On Tue, 3 Dec 2024 13:59:18 +0000, jseigh wrote:

The compiler is allow to reorder code as long as it knows the
reordering can't be observed or detected.

With exceptions enabled, this would allow for almost no code
movement at all.

If there are places
in the code it doesn't know this can't happen it won't optimize
across it, more or less.

The problem is HOW to TELL the COMPILER that these memory references
are "more special" than normal--when languages give few mechanisms.

C and C++ have the 'volatile' keyword for this purpose.

A problem with using volatile is that volatile doesn't do what
most people think it does, especially with respect to what
reordering is or is not allowed.

--
- <Terje.Mathisen at tmsw.no>
"almost all programming can be viewed as an exercise in caching"

--- SoupGate-Win32 v1.05
* Origin: fsxNet Usenet Gateway (21:1/5)

From Tim Rentsch@21:1/5 to Terje Mathisen on Fri Dec 6 07:36:33 2024

Terje Mathisen <terje.mathisen@tmsw.no> writes:

Tim, did you send me a PM to check my email? I responded but then
silence. Could someone be pretending to be you?

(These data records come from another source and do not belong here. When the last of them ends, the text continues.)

lemma sum_indep_sets_H:
  assumes "finite (\<Union>i<n. Vs i)"
  shows "(\<Sum>S\<in>indep_sets (H_verts n Vs) (H_edges n Es As). f S)
       = (\<Sum>X\<in>indep_sets (\<Union>i<n. Vs i) (\<lambda>x y. \<exists>i<n. Es i x y). f (Inl ` X))
       + (\<Sum>j<n. \<Sum>X\<in>indep_sets ((\<Union>i<n. Vs i) - As j) (\<lambda>x y. \<exists>i<n. Es i x y).
            f (insert (Inr j) (Inl ` X)))"
proof -
  let ?E = "\<lambda>x y. \<exists>i<n. Es i x y"
  let ?Y = "\<lambda>j. (\<lambda>X. insert (Inr j) (Inl ` X)) ` indep_sets ((\<Union>i<n. Vs i) - As j) ?E"
  have fin: "finite (indep_sets ((\<Union>i<n. Vs i) - A) ?E)" for A
    using assms by (simp add: finite_indep_sets)
  have "(\<Sum>S\<in>indep_sets (H_verts n Vs) (H_edges n Es As). f S)
      = (\<Sum>S\<in>(\<lambda>X. Inl ` X) ` indep_sets (\<Union>i<n. Vs i) ?E. f S) + (\<Sum>S\<in>(\<Union>j<n. ?Y j). f S)"
    unfolding indep_sets_H using fin[of "{}"] fin by (intro sum.union_disjoint) auto
  also have "(\<Sum>S\<in>(\<Union>j<n. ?Y j). f S) = (\<Sum>j<n. \<Sum>S\<in>?Y j. f S)"
    using fin by (intro sum.UNION_disjoint) auto
  also have "(\<Sum>S\<in>(\<lambda>X. Inl ` X) ` indep_sets (\<Union>i<n. Vs i) ?E. f S)
      = (\<Sum>X\<in>indep_sets (\<Union>i<n. Vs i) ?E. f (Inl ` X))"
    by (rule sum.reindex_cong[OF inj_on_image[OF inj_Inl]]) simp_all
  also have "(\<Sum>j<n. \<Sum>S\<in>?Y j. f S)
      = (\<Sum>j<n. \<Sum>X\<in>indep_sets ((\<Union>i<n. Vs i) - As j) ?E. f (insert (Inr j) (Inl ` X)))"
  proof (rule sum.cong[OF refl])
    fix j
    show "(\<Sum>S\<in>?Y j. f S) = (\<Sum>X\<in>indep_sets ((\<Union>i<n. Vs i) - As j) ?E. f (insert (Inr j) (Inl ` X)))"
      by (rule sum.reindex_cong[where l = "\<lambda>X. insert (Inr j) (Inl ` X)"])
        (auto simp: inj_on_def indep_sets_def indep_set_def)
  qed
  finally show ?thesis by simp
qed
definition lagrangian_flow :: "(real \<Rightarrow> real \<Rightarrow> real) \<Rightarrow> (real \<Rightarrow> real \<Rightarrow> real) \<Rightarrow> bool" where
  "lagrangian_flow v \<phi> \<longleftrightarrow>
     L1_C v \<and>
     (\<forall>t\<in>{0..1}. \<forall>x\<in>{0..1}. \<phi> t x \<in> {0..1}) \<and>
     (\<forall>t\<in>{0..1}. mono_on {0..1} (\<phi> t)) \<and>
     (\<forall>x\<in>{0..1}. abs_continuous_on 0 1 (\<lambda>t. \<phi> t x) \<and>
        set_integrable lborel {0..1} (\<lambda>r. v r (\<phi> r x)) \<and>
        (\<forall>s t. 0 \<le> s \<and> s < t \<and> t \<le> 1 \<longrightarrow>
           \<phi> t x - \<phi> s x = (LBINT r=s..t. v r (\<phi> r x))))"

end

theory Submission
  imports Defs
begin

text \<open>
  The velocity field is autonomous, vanishes at 0, 1/2 and 1, and near each of these zeros
  behaves like |y - y0|^(2/3). Its spatial derivative is of order |y - y0|^(-1/3), which is
  square integrable, so the field lies in L^2(H^1_0). Being only Hoelder continuous at its zeros,
  the field does not determine trajectories uniquely: on [0, 1/2] the curve u \<mapsto> 2 u^3,
  continued by 1/2 - 2 (1 - u)^3, leaves the zero 0 at time 0 and reaches the zero 1/2 exactly
  at time 1, and symmetrically on [1/2, 1]. Every y in [0, 1/2] lies on this curve at some time
  traj_time y \<ge> 0, so letting each x in (0, 1) follow the curve from the position phi0 x
  (even when phi0 x is 0 or 1) brings it to 1/2 by time 1, while x = 0 and x = 1 stay fixed.
  Trajectories started in this way keep their order, so the flow stays monotone in x.
\<close>

section \<open>Autonomous velocity fields\<close>

lemma abs_continuous_on_lipschitz_on:
  assumes "L-lipschitz_on {c..d} f"
  shows "abs_continuous_on c d f"
  unfolding abs_continuous_on_def
proof (intro allI impI)
  fix e :: real assume e: "0 < e"
  have L: "0 \<le> L" using assms by (rule lipschitz_on_nonneg)
  show "\<exists>\<delta>>0. \<forall>(n::nat) (a::nat \<Rightarrow> real) b.
        (\<forall>i<n. c \<le> a i \<and> a i \<le> b i \<and> b i \<le> d) \<and>
        (\<forall>i<n. \<forall>j<n. i \<noteq> j \<longrightarrow> b i \<le> a j \<or> b j \<le> a i) \<and>
        (\<Sum>i<n. b i - a i) < \<delta>
        \<longrightarrow> (\<Sum>i<n. \<bar>f (b i) - f (a i)\<bar>) < e"
  proof (intro exI[of _ "e / (L + 1)"] conjI allI impI)
    show "0 < e / (L + 1)" using e L by simp
    fix n :: nat and a b :: "nat \<Rightarrow> real"
    assume H: "(\<forall>i<n. c \<le> a i \<and> a i \<le> b i \<and> b i \<le> d) \<and>
        (\<forall>i<n. \<forall>j<n. i \<noteq> j \<longrightarrow> b i \<le> a j \<or> b j \<le> a i) \<and>
        (\<Sum>i<n. b i - a i) < e / (L + 1)"
    have "\<bar>f (b i) - f (a i)\<bar> \<le> L * (b i - a i)" if "i < n" for i
    proof -
      have "c \<le> a i" "a i \<le> b i" "b i \<le> d" using H that by auto
      then show ?thesis using lipschitz_onD[OF assms, of "b i" "a i"] by (simp add: dist_real_def)
    qed
    then have "(\<Sum>i<n. \<bar>f (b i) - f (a i)\<bar>) \<le> (\<Sum>i<n. L * (b i - a i))"
      by (intro sum_mono) auto
    also have "\<dots> = L * (\<Sum>i<n. b i - a i)"
      by (simp add: sum_distrib_left)
    also have "\<dots> \<le> (L + 1) * (\<Sum>i<n. b i - a i)"
      using H by (intro mult_right_mono sum_nonneg) auto
    also have "\<dots> < (L + 1) * (e / (L + 1))"
      using H L by (intro mult_strict_left_mono) auto
    also have "\<dots> = e" using L by simp
    finally show "(\<Sum>i<n. \<bar>f (b i) - f (a i)\<bar>) < e" .
  qed
qed

lemma integrable_restrict_space_pair_snd:
  fixes A B :: "real set" and f :: "real \<Rightarrow> real"
  assumes A: "A \<in> sets lborel" "emeasure lborel A < \<infinity>" and B: "B \<in> sets lborel"
    and f: "f \<in> borel_measurable lborel" "set_integrable lborel B f"
  shows "integrable (restrict_space (lborel \<Otimes>\<^sub>M lborel) (A \<times> B)) (\<lambda>(t, y). f y)"
proof -
  let ?F = "\<lambda>p. indicator (A \<times> B) p *\<^sub>R (case p of (t, y) \<Rightarrow> f y)"
  have fB: "integrable lborel (\<lambda>y. indicator B y * f y)"
    using f(2) by (simp add: set_integrable_def)
  have "integrable (lborel \<Otimes>\<^sub>M lborel) ?F"
  proof (rule lborel_pair.Fubini_integrable)
    show "?F \<in> borel_measurable (lborel \<Otimes>\<^sub>M lborel)" using A B f by measurable
    have "(\<integral>y. norm (?F (t, y)) \<partial>lborel) = indicator A t * (\<integral>y. norm (indicator B y * f y) \<partial>lborel)" for t
      by (cases "t \<in> A") (simp_all add: indicator_times)
    then show "integrable lborel (\<lambda>t. \<integral>y. norm (?F (t, y)) \<partial>lborel)"
      using A by simp
    show "AE t in lborel. integrable lborel (\<lambda>y. ?F (t, y))"
      using fB by (simp add: indicator_times mult.assoc)
  qed
  then show ?thesis
    using A B by (subst integrable_restrict_space) auto
qed

lemma L2_H10_autonomous:
  fixes g w :: "real \<Rightarrow> real"
  assumes g: "g \<in> borel_measurable lborel"
    and g_int: "set_integrable lborel {0..1} g" "set_integrable lborel {0..1} (\<lambda>y. (g y)\<^sup>2)"
    and w: "\<And>x. x \<in> {0..1} \<Longrightarrow> w x = (LBINT y=0..x. g y)" "w 1 = 0"
  shows "L2_H10 (\<lambda>t. w)"
  unfolding L2_H10_def
proof (intro exI[of _ "\<lambda>t. g"] conjI ballI)
  show "(\<lambda>(t::real, y). g y) \<in> borel_measurable (restrict_space (lborel \<Otimes>\<^sub>M lborel) ({0..1} \<times> {0..1}))"
    unfolding case_prod_beta' by (intro measurable_restrict_space1 measurable_compose[OF measurable_snd g])
  show "integrable (restrict_space (lborel \<Otimes>\<^sub>M lborel) ({0..1} \<times> {0..1})) (\<lambda>(t::real, y). (g y)\<^sup>2)"
    by (rule integrable_restrict_space_pair_snd) (use g g_int(2) in \<open>auto simp: emeasure_lborel_Icc\<close>)
qed (auto intro: g_int w)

Yes that was me. I'm just about to send you a followup.

--- SoupGate-Win32 v1.05
* Origin: fsxNet Usenet Gateway (21:1/5)

From jseigh@21:1/5 to Chris M. Thomasson on Tue Dec 17 07:33:58 2024

On 12/16/24 16:48, Chris M. Thomasson wrote:

On 12/5/2024 5:00 AM, jseigh wrote:

Maybe. For thread local non-shared data if the compiler can make that
determination but I don't know if the actual specs say that.

It would be strange to me if the compiler executed a weaker barrier than
what I said needed to be there. If I say I need a #LoadStore |
#StoreStore here, then the compiler better put that barrier in there.
Humm...

C++ concurrency was designed by a committee. They try to fit things
into their world view even if reality is a bit more nuanced or complex
than that world view.

C++ doesn't use #LoadStore, etc... memory ordering terminology. They
use acquire, release, cst, relaxed, ... While in some cases it's straightforward as to what that means, in others it's less obvious.
Non-obvious isn't exactly what you want when writing multi-threaded
code. There's enough subtlety as it is.

Joe Seigh

--- SoupGate-Win32 v1.05
* Origin: fsxNet Usenet Gateway (21:1/5)

From aph@littlepinkcloud.invalid@21:1/5 to jseigh on Tue Dec 17 20:38:18 2024

jseigh <jseigh_es00@xemaps.com> wrote:

C++ doesn't use #LoadStore, etc... memory ordering terminology. They
use acquire, release, cst, relaxed, ... While in some cases it's straightforward as to what that means, in others it's less obvious.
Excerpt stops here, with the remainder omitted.